In its pre-announcement of second-quarter results, Nvidia said gaming revenue accounted for $2.04 billion in sales, down 33% from a year earlier and 44% from the first quarter, while the data center segment was impacted by supply chain disruptions, with preliminary revenues of $3.81 billion, making it the company’s largest segment. That’s below company expectations, but still a record and up 61% from the 2021 quarter.

“Clearly there has been some impact from both the drop in demand for crypto and Ethereum’s move to proof-of-stake and these factors, more than in-game changes, are the reason for their lower expectation for gaming GPUs in the July quarter,” said Matt Bryson, senior vice president of equity research at Wedbush. “Whether the July decline fully explains these changes or if there is even more room for sales to decline is one of the key questions ahead of the earnings call.”

He thinks the company “solved most of the crypto bubble distortion”, estimating that Ethereum miners could have been responsible for 20-25% of Nvidia’s gaming revenue, but also that “sales could dip slightly for one more quarter before leveling off.” .” Bryson reiterated his “neutral” rating for the stock with a price target of $190, citing “outstanding questions on forward demand.”

Fortunes have quickly reversed for the Santa Clara, Calif.-based giant and other chipmakers in recent months as rising inventories collide with falling demand.

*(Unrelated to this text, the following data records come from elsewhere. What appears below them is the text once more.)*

(* Consider the protocol with state set $Q=\{L_1,L_2,N\}$ and (symmetric, deterministic) rules $L_1L_2\to L_1N$, $L_2L_1\to NL_1$, $L_1N\to NL_2$, $NL_1\to L_2N$, $L_2N\to NL_1$, $NL_2\to L_1N$, $NN\to NN$, $L_1L_1\to L_2L_2$, $L_2L_2\to L_1L_1$. This protocol is Pavlovian (it is the protocol associated to the payoff matrix with rows (player) and columns (opponent) ordered $L_1,L_2,N$: row $L_1$: $(-3,0,-3)$; row $L_2$: $(-1,-3,-3)$; row $N$: $(-2,-3,0)$), and it solves the leader election problem for populations of size at least $3$: for every $n\ge 3$, every configuration $C_0$ of $n$ agents containing at least one agent in state $L_1$ or $L_2$, and every fair execution starting from $C_0$, there is a time after which every configuration contains exactly one agent in a state of $\{L_1,L_2\}$.
   Context: A population protocol has a finite state set $Q$ and a transition relation $\delta\subseteq Q^4$; we write $q_1q_2\to q_1'q_2'$ for $(q_1,q_2,q_1',q_2')\in\delta$. A configuration of $n\ge2$ agents is a multiset of $n$ elements of $Q$. We write $C\to C'$ if $C'$ is obtained from $C$ by choosing two of its elements (two distinct agents) in states $q_1,q_2$ and replacing them by $q_1',q_2'$ for some $(q_1,q_2,q_1',q_2')\in\delta$. An execution from $C_0$ is an infinite sequence $C_0,C_1,\dots$ with $C_i\to C_{i+1}$ for all $i$. It is fair if for every configuration $C$ occurring infinitely often and every $C'$ with $C\to C'$, $C'$ also occurs infinitely often. A symmetric game on $Q$ is a real matrix $M=(M_{q,r})_{q,r\in Q}$ ($M_{q,r}$ = payoff of playing $q$ against $r$). For $q',y\in Q$, $BR_{\neq q'}(y)$ is the set of $x\in Q\setminus\{q'\}$ with $M_{z,y}\le M_{x,y}$ for all $z\in Q\setminus\{q'\}$. The transition relation associated to $M$ consists of exactly those $(q_1,q_2,q_1',q_2')$ with: $q_1'=q_1$ if $M_{q_1,q_2}\ge0$, $q_1'\in BR_{\neq q_1}(q_2)$ if $M_{q_1,q_2}<0$; $q_2'=q_2$ if $M_{q_2,q_1}\ge0$, $q_2'\in BR_{\neq q_2}(q_1)$ if $M_{q_2,q_1}<0$. A population protocol is Pavlovian if $\delta$ equals the transition relation associated to some real matrix indexed by $Q\times Q$. *)

theory Defs
  imports Complex_Main "HOL-Library.Multiset"
begin

text \<open>Generic population protocols over a state type 'q (the state set Q is UNIV).
  A transition relation is a set of quadruples (q1,q2,q1',q2').\<close>

type_synonym 'q trans = "('q \<times> 'q \<times> 'q \<times> 'q) set"

definition step :: "'q trans \<Rightarrow> 'q multiset \<Rightarrow> 'q multiset \<Rightarrow> bool" where
  "step \<delta> C C' \<longleftrightarrow> (\<exists>q1 q2 q1' q2'. (q1, q2, q1', q2') \<in> \<delta> \<and>
       {#q1, q2#} \<subseteq># C \<and> C' = C - {#q1, q2#} + {#q1', q2'#})"

definition execution :: "'q trans \<Rightarrow> (nat \<Rightarrow> 'q multiset) \<Rightarrow> bool" where
  "execution \<delta> E \<longleftrightarrow> (\<forall>i. step \<delta> (E i) (E (Suc i)))"

definition fair :: "'q trans \<Rightarrow> (nat \<Rightarrow> 'q multiset) \<Rightarrow> bool" where
  "fair \<delta> E \<longleftrightarrow> (\<forall>C. (\<exists>\<^sub>\<infinity> i. E i = C) \<longrightarrow>
       (\<forall>C'. step \<delta> C C' \<longrightarrow> (\<exists>\<^sub>\<infinity> i. E i = C')))"

text \<open>Symmetric games: M q r is the payoff of playing q against r.\<close>

definition BR_ne :: "('q \<Rightarrow> 'q \<Rightarrow> real) \<Rightarrow> 'q \<Rightarrow> 'q \<Rightarrow> 'q set" where
  "BR_ne M q' y = {x. x \<noteq> q' \<and> (\<forall>z. z \<noteq> q' \<longrightarrow> M z y \<le> M x y)}"

definition game_trans :: "('q \<Rightarrow> 'q \<Rightarrow> real) \<Rightarrow> 'q trans" where
  "game_trans M = {(q1, q2, q1', q2').
      (if M q1 q2 \<ge> 0 then q1' = q1 else q1' \<in> BR_ne M q1 q2) \<and>
      (if M q2 q1 \<ge> 0 then q2' = q2 else q2' \<in> BR_ne M q2 q1)}"

definition pavlovian :: "'q trans \<Rightarrow> bool" where
  "pavlovian \<delta> \<longleftrightarrow> (\<exists>M. \<delta> = game_trans M)"

datatype st = L1 | L2 | N

definition delta5 :: "st trans" where
  "delta5 = {(L1, L2, L1, N), (L2, L1, N, L1), (L1, N, N, L2), (N, L1, L2, N),
             (L2, N, N, L1), (N, L2, L1, N), (N, N, N, N), (L1, L1, L2, L2),
             (L2, L2, L1, L1)}"

fun M5 :: "st \<Rightarrow> st \<Rightarrow> real" where
  "M5 L1 L1 = -3" | "M5 L1 L2 = 0" | "M5 L1 N = -3"
| "M5 L2 L1 = -1" | "M5 L2 L2 = -3" | "M5 L2 N = -3"
| "M5 N L1 = -2" | "M5 N L2 = -3" | "M5 N N = 0"

definition leaders :: "st multiset \<Rightarrow> nat" where
  "leaders C = count C L1 + count C L2"

end

theory Submission
  imports Defs "HOL-Library.Infinite_Set"
begin

(* Leader election: the argument is a potential-function argument that works
   for any population protocol over a finite state type.  Steps preserve the
   population size, so an execution visits finitely many configurations and
   some configuration recurs infinitely often; by fairness every configuration
   reachable from a recurring one recurs as well.  Hence, if a non-increasing
   potential can always be strictly decreased (by some reachable configuration)
   while it exceeds a bound k, it eventually stays at most k
   (fair_potential_bound).  For delta5 the potential is the number of leaders:
   no step creates a leader or removes the last one, and whenever there are
   at least two leaders among at least three agents, at most two steps remove
   one (a pair L1 L2 is reduced directly, otherwise one step first creates
   such a pair). *)


lemma all_st: "(\<forall>z. P z) \<longleftrightarrow> P L1 \<and> P L2 \<and> P N"
  by (metis st.exhaust)

lemma BR_ne_M5:
  "x \<in> BR_ne M5 q y \<longleftrightarrow> x \<noteq> q \<and> (\<forall>z\<in>{L1, L2, N}. z \<noteq> q \<longrightarrow> M5 z y \<le> M5 x y)"
  unfolding BR_ne_def by (simp add: all_st)

lemma delta5_game_trans: "delta5 = game_trans M5"
proof (rule set_eqI)
  fix x :: "st \<times> st \<times> st \<times> st"
  obtain a b c d where x: "x = (a, b, c, d)" by (cases x) auto
  show "x \<in> delta5 \<longleftrightarrow> x \<in> game_trans M5"
    unfolding x delta5_def game_trans_def BR_ne_M5
    by (cases a; cases b; cases c; cases d; simp)
qed


lemma step_size:
  assumes "step \<delta> C C'"
  shows "size C' = size C"
proof -
  obtain q1 q2 q1' q2' where
    sub: "{#q1, q2#} \<subseteq># C" and C': "C' = C - {#q1, q2#} + {#q1', q2'#}"
    using assms unfolding step_def by blast
  have "size {#q1, q2#} \<le> size C" using size_mset_mono[OF sub] .
  then show ?thesis using sub C' by (simp add: size_Diff_submset)
qed

lemma execution_size:
  assumes "execution \<delta> E"
  shows "size (E i) = size (E 0)"
proof (induction i)
  case (Suc i)
  have "step \<delta> (E i) (E (Suc i))" using assms by (simp add: execution_def)
  then show ?case using Suc.IH by (simp add: step_size)
qed simp

lemma step_by_rule:
  assumes "(q1, q2, q1', q2') \<in> \<delta>" and "{#q1, q2#} \<subseteq># C"
  shows "step \<delta> C (C - {#q1, q2#} + {#q1', q2'#})"
  using assms unfolding step_def by blast

lemma pair_subseteq_mset:
  "{#a, b#} \<subseteq># C \<longleftrightarrow> (if a = b then 2 \<le> count C a else 1 \<le> count C a \<and> 1 \<le> count C b)"
  unfolding subseteq_mset_def by (auto simp: Suc_le_eq)

text \<open>Over a finite state type, an execution stays among the finitely many
  configurations of its initial size, so one of them occurs infinitely often.\<close>

lemma execution_recurrent_configuration:
  fixes E :: "nat \<Rightarrow> 'q multiset"
  assumes "finite (UNIV :: 'q set)" and "execution \<delta> E"
  shows "\<exists>C. \<exists>\<^sub>\<infinity> i. E i = C"
proof -
  let ?S = "multisets_of_size (UNIV :: 'q set) (size (E 0))"
  have finite: "finite ?S" using assms(1) by (rule finite_multisets_of_size)
  have "E i \<in> ?S" for i
    using execution_size[OF assms(2), of i] by (simp add: multisets_of_size_def)
  then have "\<exists>\<^sub>\<infinity> i. \<exists>C\<in>?S. E i = C" by (auto simp: INFM_nat_le)
  then have "\<exists>C\<in>?S. \<exists>\<^sub>\<infinity> i. E i = C" by (rule iffD1[OF INFM_finite_Bex_distrib[OF finite]])
  then show ?thesis by blast
qed

lemma fair_reachable_recurrent:
  assumes "fair \<delta> E" and "(step \<delta>)\<^sup>*\<^sup>* C C'" and "\<exists>\<^sub>\<infinity> i. E i = C"
  shows "\<exists>\<^sub>\<infinity> i. E i = C'"
  using assms(2,3)
  by (induction rule: rtranclp_induct) (use assms(1) in \<open>auto simp: fair_def\<close>)

lemma fair_potential_bound:
  fixes E :: "nat \<Rightarrow> 'q multiset" and f :: "'q multiset \<Rightarrow> nat"
  assumes fin: "finite (UNIV :: 'q set)"
    and exec: "execution \<delta> E" and fair: "fair \<delta> E"
    and nonincr: "\<And>C C'. step \<delta> C C' \<Longrightarrow> f C' \<le> f C"
    and inv: "\<And>i. P (E i)"
    and progress: "\<And>C. P C \<Longrightarrow> k < f C \<Longrightarrow> \<exists>C'. (step \<delta>)\<^sup>*\<^sup>* C C' \<and> f C' < f C"
  shows "\<exists>T. \<forall>t\<ge>T. f (E t) \<le> k"
proof -
  have decreasing: "f (E t) \<le> f (E s)" if "s \<le> t" for s t
    using lift_Suc_antimono_le[of "\<lambda>i. f (E i)"] that nonincr exec
    unfolding execution_def by blast
  obtain T where min: "\<And>t. f (E T) \<le> f (E t)"
    using ex_has_least_nat[of "\<lambda>_. True" 0 "\<lambda>t. f (E t)"] by auto
  obtain C where C: "\<exists>\<^sub>\<infinity> i. E i = C"
    using execution_recurrent_configuration[OF fin exec] by blast
  have bound: "f (E T) \<le> k"
  proof (rule ccontr)
    assume above: "\<not> f (E T) \<le> k"
    obtain i where i: "T \<le> i" "E i = C" using C unfolding INFM_nat_le by blast
    have fC: "f C = f (E T)" using decreasing[OF i(1)] min[of i] i(2) by simp
    obtain C' where reach: "(step \<delta>)\<^sup>*\<^sup>* C C'" and smaller: "f C' < f C"
      using progress[of C] inv[of i] i(2) above fC by auto
    obtain j where "E j = C'"
      using fair_reachable_recurrent[OF fair reach C] by (auto simp: INFM_nat_le)
    then show False using min[of j] smaller fC by simp
  qed
  show ?thesis
  proof (intro exI allI impI)
    show "f (E t) \<le> k" if "T \<le> t" for t using decreasing[OF that] bound by linarith
  qed
qed


lemma finite_st: "finite (UNIV :: st set)"
proof -
  have "(UNIV :: st set) = {L1, L2, N}" using st.exhaust by auto
  then show ?thesis by (metis finite.emptyI finite.insertI)
qed

lemma size_st: "size (C :: st multiset) = count C L1 + count C L2 + count C N"
proof (induction C)
  case empty then show ?case by simp
next
  case (add x C) then show ?case by (cases x) simp_all
qed

lemma delta5_leaders_nonincreasing: "step delta5 C C' \<Longrightarrow> leaders C' \<le> leaders C"
  unfolding step_def delta5_def leaders_def
  by (auto simp: subseteq_mset_def split: if_splits)

lemma delta5_leader_persists: "step delta5 C C' \<Longrightarrow> 1 \<le> leaders C \<Longrightarrow> 1 \<le> leaders C'"
  unfolding step_def delta5_def leaders_def
  by (auto simp: subseteq_mset_def split: if_splits)

lemma delta5_mixed_pair_reduction:
  assumes "1 \<le> count C L1" and "1 \<le> count C L2"
  shows "\<exists>C'. step delta5 C C' \<and> leaders C' < leaders C"
proof (intro exI conjI)
  show "step delta5 C (C - {#L1, L2#} + {#L1, N#})"
    by (rule step_by_rule) (use assms in \<open>auto simp: delta5_def pair_subseteq_mset\<close>)
  show "leaders (C - {#L1, L2#} + {#L1, N#}) < leaders C"
    using assms by (simp add: leaders_def)
qed

lemma delta5_create_mixed_pair:
  assumes two: "2 \<le> leaders C" and three: "3 \<le> size C"
    and unmixed: "count C L1 = 0 \<or> count C L2 = 0"
  shows "\<exists>C'. step delta5 C C' \<and> leaders C' = leaders C \<and> 1 \<le> count C' L1 \<and> 1 \<le> count C' L2"
proof -
  have size: "size C = count C L1 + count C L2 + count C N" by (rule size_st)
  consider (L1_N) "count C L2 = 0" "1 \<le> count C N"
    | (L1_L1) "count C L2 = 0" "count C N = 0"
    | (L2_N) "count C L1 = 0" "1 \<le> count C N"
    | (L2_L2) "count C L1 = 0" "count C N = 0"
    using unmixed by linarith
  then show ?thesis
  proof cases
    case L1_N
    then show ?thesis using two
      by (intro exI[of _ "C - {#L1, N#} + {#N, L2#}"] conjI step_by_rule)
        (auto simp: delta5_def pair_subseteq_mset leaders_def simp flip: count_greater_zero_iff)
  next
    case L1_L1
    then show ?thesis using two three size
      by (intro exI[of _ "C - {#L1, L1#} + {#L2, L2#}"] conjI step_by_rule)
        (auto simp: delta5_def pair_subseteq_mset leaders_def simp flip: count_greater_zero_iff)
  next
    case L2_N
    then show ?thesis using two
      by (intro exI[of _ "C - {#L2, N#} + {#N, L1#}"] conjI step_by_rule)
        (auto simp: delta5_def pair_subseteq_mset leaders_def simp flip: count_greater_zero_iff)
  next
    case L2_L2
    then show ?thesis using two three size
      by (intro exI[of _ "C - {#L2, L2#} + {#L1, L1#}"] conjI step_by_rule)
        (auto simp: delta5_def pair_subseteq_mset leaders_def simp flip: count_greater_zero_iff)
  qed
qed

lemma delta5_leader_reduction:
  assumes "2 \<le> leaders C" and "3 \<le> size C"
  shows "\<exists>C'. (step delta5)\<^sup>*\<^sup>* C C' \<and> leaders C' < leaders C"
proof (cases "1 \<le> count C L1 \<and> 1 \<le> count C L2")
  case True
  then show ?thesis using delta5_mixed_pair_reduction by blast
next
  case False
  then have "count C L1 = 0 \<or> count C L2 = 0" by linarith
  then obtain D where step1: "step delta5 C D" and same: "leaders D = leaders C"
    and mixed: "1 \<le> count D L1" "1 \<le> count D L2"
    using delta5_create_mixed_pair[OF assms] by blast
  obtain C' where step2: "step delta5 D C'" and fewer: "leaders C' < leaders D"
    using delta5_mixed_pair_reduction[OF mixed] by blast
  have "(step delta5)\<^sup>*\<^sup>* C C'"
    using step1 step2 by (rule converse_rtranclp_into_rtranclp[OF _ r_into_rtranclp])
  then show ?thesis using fewer same by auto
qed

lemma delta5_leader_election:
  assumes size: "3 \<le> size (E 0)" and leader: "1 \<le> leaders (E 0)"
    and exec: "execution delta5 E" and fair: "fair delta5 E"
  shows "\<exists>T. \<forall>t\<ge>T. leaders (E t) = 1"
proof -
  have some_leader: "1 \<le> leaders (E i)" for i
  proof (induction i)
    case (Suc i)
    have "step delta5 (E i) (E (Suc i))" using exec by (simp add: execution_def)
    then show ?case using Suc.IH by (rule delta5_leader_persists)
  qed (rule leader)
  have "\<exists>T. \<forall>t\<ge>T. leaders (E t) \<le> 1"
  proof (rule fair_potential_bound[OF finite_st exec fair delta5_leaders_nonincreasing,
        where P = "\<lambda>C. 3 \<le> size C"])
    show "3 \<le> size (E i)" for i using execution_size[OF exec, of i] size by simp
    show "\<exists>C'. (step delta5)\<^sup>*\<^sup>* C C' \<and> leaders C' < leaders C"
      if "3 \<le> size C" and "1 < leaders C" for C
      using delta5_leader_reduction that by simp
  qed
  then show ?thesis using some_leader le_antisym by blast
qed

theorem mainTheorem5:
  shows "delta5 = game_trans M5 \<and> pavlovian delta5 \<and>
    (\<forall>E. size (E 0) \<ge> 3 \<longrightarrow> leaders (E 0) \<ge> 1 \<longrightarrow>
         execution delta5 E \<longrightarrow> fair delta5 E \<longrightarrow>
         (\<exists>T. \<forall>t\<ge>T. leaders (E t) = 1))"
  using delta5_game_trans delta5_leader_election unfolding pavlovian_def by blast

end
lemma doubled_tournament_pair_swap:
  assumes T: "tournament_matrix m T" and u: "u < 2*m" and w: "w < 2*m"
    and pair: "w' div 2 = w div 2" "w' \<noteq> w"
  shows "doubled_tournament T u w = 1 \<longleftrightarrow> doubled_tournament T w' u \<noteq> 1"
proof (cases "u div 2 = w div 2")
  case True
  then have "u = w \<or> u = w'"
    using div2_eq_cases pair by blast
  with True pair tournament_matrix_diag[OF T, of "w div 2"] w show ?thesis
    by (auto simp: doubled_tournament_def)
next
  case False
  with u w pair tournament_matrix_antisym[OF T, of "u div 2" "w div 2"]
    tournament_matrix_01[OF T, of "u div 2" "w div 2"] show ?thesis
    by (auto simp: doubled_tournament_def)
qed

lemma block_mat_simps [simp]:
  "i < n \<Longrightarrow> j < n \<Longrightarrow> block_mat n P Q Q' S i j = P i j"
  "i < n \<Longrightarrow> block_mat n P Q Q' S i (j + n) = Q i j"
  "j < n \<Longrightarrow> block_mat n P Q Q' S (i + n) j = Q' i j"
  "block_mat n P Q Q' S (i + n) (j + n) = S i j"
  by (simp_all add: block_mat_def)

lemma less_double_cases [consumes 1, case_names low high]:
  fixes x n :: nat
  assumes "x < 2*n"
  obtains "x < n" | y where "y < n" "x = y + n"
  using assms by (metis add.commute le_add_diff_inverse2 mult_2 nat_add_left_cancel_less not_less)

definition cross_complement :: "'a set \<Rightarrow> ('a \<Rightarrow> 'a \<Rightarrow> bool) \<Rightarrow> 'a \<Rightarrow> 'a \<Rightarrow> bool" where
  "cross_complement X E u v = (if (u \<in> X) \<noteq> (v \<in> X) then \<not> E u v else E u v)"

lemma gm_switch_halved:
  assumes "\<forall>v\<in>V - X. 2 * card {y\<in>X. E v y} = card X" "u \<in> V" "v \<in> V"
  shows "gm_switch V E X u v = cross_complement X E u v"
  using assms unfolding gm_switch_def cross_complement_def by auto

lemma graph_iso_cong:
  assumes "\<forall>u\<in>V'. \<forall>v\<in>V'. E1 u v = E2 u v"
  shows "graph_iso V E V' E1 f = graph_iso V E V' E2 f"
  using assms unfolding graph_iso_def bij_betw_def by auto

lemma graph_aut_lessThan:
  fixes n :: nat
  assumes "graph_aut {0..<n} E \<sigma>" "u < n"
  shows "\<sigma> u < n"
proof -
  have "bij_betw \<sigma> {0..<n} {0..<n}"
    using assms(1) unfolding graph_aut_def graph_iso_def by blast
  from bij_betw_apply[OF this] assms(2) show ?thesis by simp
qed

lemma graph_aut_mat_graph_edge:
  fixes n :: nat
  assumes "graph_aut {0..<n} (mat_graph B) \<sigma>" "u < n" "v < n"
  shows "B (\<sigma> u) (\<sigma> v) = 1 \<longleftrightarrow> B u v = 1"
  using assms unfolding graph_aut_def graph_iso_def mat_graph_def by simp

lemma graph_aut_preserves_pairs:
  fixes n :: nat
  assumes orbits: "\<forall>x<n. \<forall>y<n.
      (\<exists>\<sigma>. graph_aut {0..<n} E \<sigma> \<and> \<sigma> x = y) \<longleftrightarrow> (y = x \<or> y = \<rho> x)"
    and pair: "\<And>x. x < n \<Longrightarrow> \<rho> x div 2 = x div 2"
    and aut: "graph_aut {0..<n} E \<sigma>" and x: "x < n"
  shows "\<sigma> x div 2 = x div 2"
proof -
  have "\<sigma> x = x \<or> \<sigma> x = \<rho> x"
    using orbits graph_aut_lessThan[OF aut x] aut x by blast
  with pair[OF x] show ?thesis by auto
qed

Micron Technology, Intel and Advanced Micro Devices warned of falling export orders. Citigroup recently said it expects “the worst semiconductor recession in at least a decade, and possibly since 2001, given the expectation of a recession and rising inventories.” .

Despite the sell-off warning, NVDA is currently priced at 35 times the company’s projected 12-month earnings, well above its competitors. Intel is trading around 14 times forward earnings. The Philadelphia Stock Exchange’s semiconductor index is valued at around 16 times.